Write out again, exactly, the lines below starting at the one with "Max (range (\<lambda>i." and ending at the one with "vector lies in".
_____
text \<open>Runs of the ABM algorithm with gradient-weighted normalization.
  abm_run X eps lt d L Os G Of Gf: being inside degree d with remaining candidate set L
  and current (Os, G), the algorithm can terminate with output (Of, Gf).
  The choice of the eigenvector is left nondeterministic.\<close>
inductive abm_run ::
  "('m::finite \<Rightarrow> real^'n::finite) \<Rightarrow> real \<Rightarrow> ('n monom \<Rightarrow> 'n monom \<Rightarrow> bool) \<Rightarrow> nat
   \<Rightarrow> 'n monom set \<Rightarrow> 'n monom set \<Rightarrow> 'n mpoly set \<Rightarrow> 'n monom set \<Rightarrow> 'n mpoly set \<Rightarrow> bool"
  for X eps lt where
  stop: "{b\<in>border Os. tdeg b = Suc d} = {} \<Longrightarrow> abm_run X eps lt d {} Os G Os G"
| next_deg: "{b\<in>border Os. tdeg b = Suc d} \<noteq> {} \<Longrightarrow>
     abm_run X eps lt (Suc d) {b\<in>border Os. tdeg b = Suc d} Os G Of Gf \<Longrightarrow>
     abm_run X eps lt d {} Os G Of Gf"
| add_G: "b \<in> L \<Longrightarrow> (\<forall>b'\<in>L. b' \<noteq> b \<longrightarrow> lt b b') \<Longrightarrow>
     min_gen_eig X (insert b Os) lam v \<Longrightarrow> sqrt lam \<le> eps \<Longrightarrow>
     abm_run X eps lt d (L - {b}) Os
        (insert (\<lambda>a. if a \<in> insert b Os then v a else 0) G) Of Gf \<Longrightarrow>
     abm_run X eps lt d L Os G Of Gf"
| add_O: "b \<in> L \<Longrightarrow> (\<forall>b'\<in>L. b' \<noteq> b \<longrightarrow> lt b b') \<Longrightarrow>
     min_gen_eig X (insert b Os) lam v \<Longrightarrow> \<not> sqrt lam \<le> eps \<Longrightarrow>
     abm_run X eps lt d (L - {b}) (insert b Os) G Of Gf \<Longrightarrow>
     abm_run X eps lt d L Os G Of Gf"

definition abm_output ::
  "('m::finite \<Rightarrow> real^'n::finite) \<Rightarrow> real \<Rightarrow> ('n monom \<Rightarrow> 'n monom \<Rightarrow> bool)
   \<Rightarrow> 'n monom set \<Rightarrow> 'n mpoly set \<Rightarrow> bool" where
  "abm_output X eps lt Of Gf \<longleftrightarrow> abm_run X eps lt 0 {} {(\<lambda>_. 0)} {} Of Gf"

definition pmax :: "('m::finite \<Rightarrow> real^'n) \<Rightarrow> real" where
  "pmax P = Max (range (\<lambda>i. norm (P i)))"

end

theory Submission
  imports Defs
begin

text \<open>A first-order expansion of g at every data point gives
  \<open>\<parallel>g(X+P)\<parallel> \<le> \<parallel>g(X)\<parallel> + \<parallel>P\<parallel>\<^sub>m\<^sub>a\<^sub>x \<parallel>\<nabla>g(X)\<parallel> + o(\<parallel>P\<parallel>\<^sub>m\<^sub>a\<^sub>x)\<close>, with \<open>\<parallel>\<nabla>g(X)\<parallel>\<close> the Frobenius norm of
  the gradients at all data points. Splitting the gradient over the terms of g, each term
  \<open>t\<close> contributes \<open>\<parallel>\<nabla>t(X)\<parallel> = \<parallel>t\<parallel>\<^sub>g\<^sub>,\<^sub>X \<surd>(\<Sum>\<^sub>k deg\<^sub>k(t)\<^sup>2) \<le> deg(g) \<parallel>t\<parallel>\<^sub>g\<^sub>,\<^sub>X\<close>, and Cauchy-Schwarz
  bounds the sum by \<open>deg(g) \<surd>|S| \<parallel>g\<parallel>\<^sub>g\<^sub>w\<^sub>,\<^sub>X\<close>, where S is the set of terms of g with nonzero
  gradient norm. For a generator \<open>\<parallel>g(X)\<parallel> = \<surd>\<lambda>\<^sub>m\<^sub>i\<^sub>n \<le> \<epsilon>\<close>, and \<open>|S| \<le> N\<close> because the algorithm
  keeps the evaluation vectors of the constant term and of the terms of \<open>\<O>\<close> with nonzero
  gradient norm linearly independent: a term b with nonzero gradient norm whose evaluation
  vector lies in their span yields a kernel vector of M of positive D-norm, i.e. the
  generalized eigenvalue 0, so b becomes a generator instead of joining \<open>\<O>\<close>.\<close>

section \<open>First-order perturbation of the evaluation vector\<close>

lemma has_derivative_mono_eval:
  fixes a :: "('n::finite) monom"
  shows "(mono_eval a has_derivative (\<lambda>h. \<Sum>k\<in>UNIV. mono_pderiv a k x * h$k)) (at x)"
proof -
  have "\<And>k. ((\<lambda>y::real^'n. (y$k)^(a k)) has_derivative
      (\<lambda>h. of_nat (a k) * h$k * (x$k)^(a k - 1))) (at x)"
    by (rule has_derivative_power) (rule bounded_linear_imp_has_derivative[OF bounded_linear_vec_nth])
  then have "((\<lambda>y. \<Prod>k\<in>UNIV. (y$k)^(a k)) has_derivative
      (\<lambda>h. \<Sum>k\<in>UNIV. (of_nat (a k) * h$k * (x$k)^(a k - 1)) * (\<Prod>j\<in>UNIV - {k}. (x$j)^(a j)))) (at x)"
    by (rule has_derivative_prod)
  moreover have "(\<lambda>h. \<Sum>k\<in>UNIV. (of_nat (a k) * h$k * (x$k)^(a k - 1)) * (\<Prod>j\<in>UNIV - {k}. (x$j)^(a j)))
      = (\<lambda>h. \<Sum>k\<in>UNIV. mono_pderiv a k x * h$k)"
    by (auto simp: mono_pderiv_def intro!: sum.cong)
  ultimately show ?thesis
    unfolding mono_eval_def[abs_def] by simp
qed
_____
Response box.
  "pmax P = Max (range (\<lambda>i. norm (P i)))"

end

theory Submission
  imports Defs
begin

text \<open>A first-order expansion of g at every data point gives
  \<open>\<parallel>g(X+P)\<parallel> \<le> \<parallel>g(X)\<parallel> + \<parallel>P\<parallel>\<^sub>m\<^sub>a\<^sub>x \<parallel>\<nabla>g(X)\<parallel> + o(\<parallel>P\<parallel>\<^sub>m\<^sub>a\<^sub>x)\<close>, with \<open>\<parallel>\<nabla>g(X)\<parallel>\<close> the Frobenius norm of
  the gradients at all data points. Splitting the gradient over the terms of g, each term
  \<open>t\<close> contributes \<open>\<parallel>\<nabla>t(X)\<parallel> = \<parallel>t\<parallel>\<^sub>g\<^sub>,\<^sub>X \<surd>(\<Sum>\<^sub>k deg\<^sub>k(t)\<^sup>2) \<le> deg(g) \<parallel>t\<parallel>\<^sub>g\<^sub>,\<^sub>X\<close>, and Cauchy-Schwarz
  bounds the sum by \<open>deg(g) \<surd>|S| \<parallel>g\<parallel>\<^sub>g\<^sub>w\<^sub>,\<^sub>X\<close>, where S is the set of terms of g with nonzero
  gradient norm. For a generator \<open>\<parallel>g(X)\<parallel> = \<surd>\<lambda>\<^sub>m\<^sub>i\<^sub>n \<le> \<epsilon>\<close>, and \<open>|S| \<le> N\<close> because the algorithm
  keeps the evaluation vectors of the constant term and of the terms of \<open>\<O>\<close> with nonzero
  gradient norm linearly independent: a term b with nonzero gradient norm whose evaluation
  vector lies in their span yields a kernel vector of M of positive D-norm, i.e. the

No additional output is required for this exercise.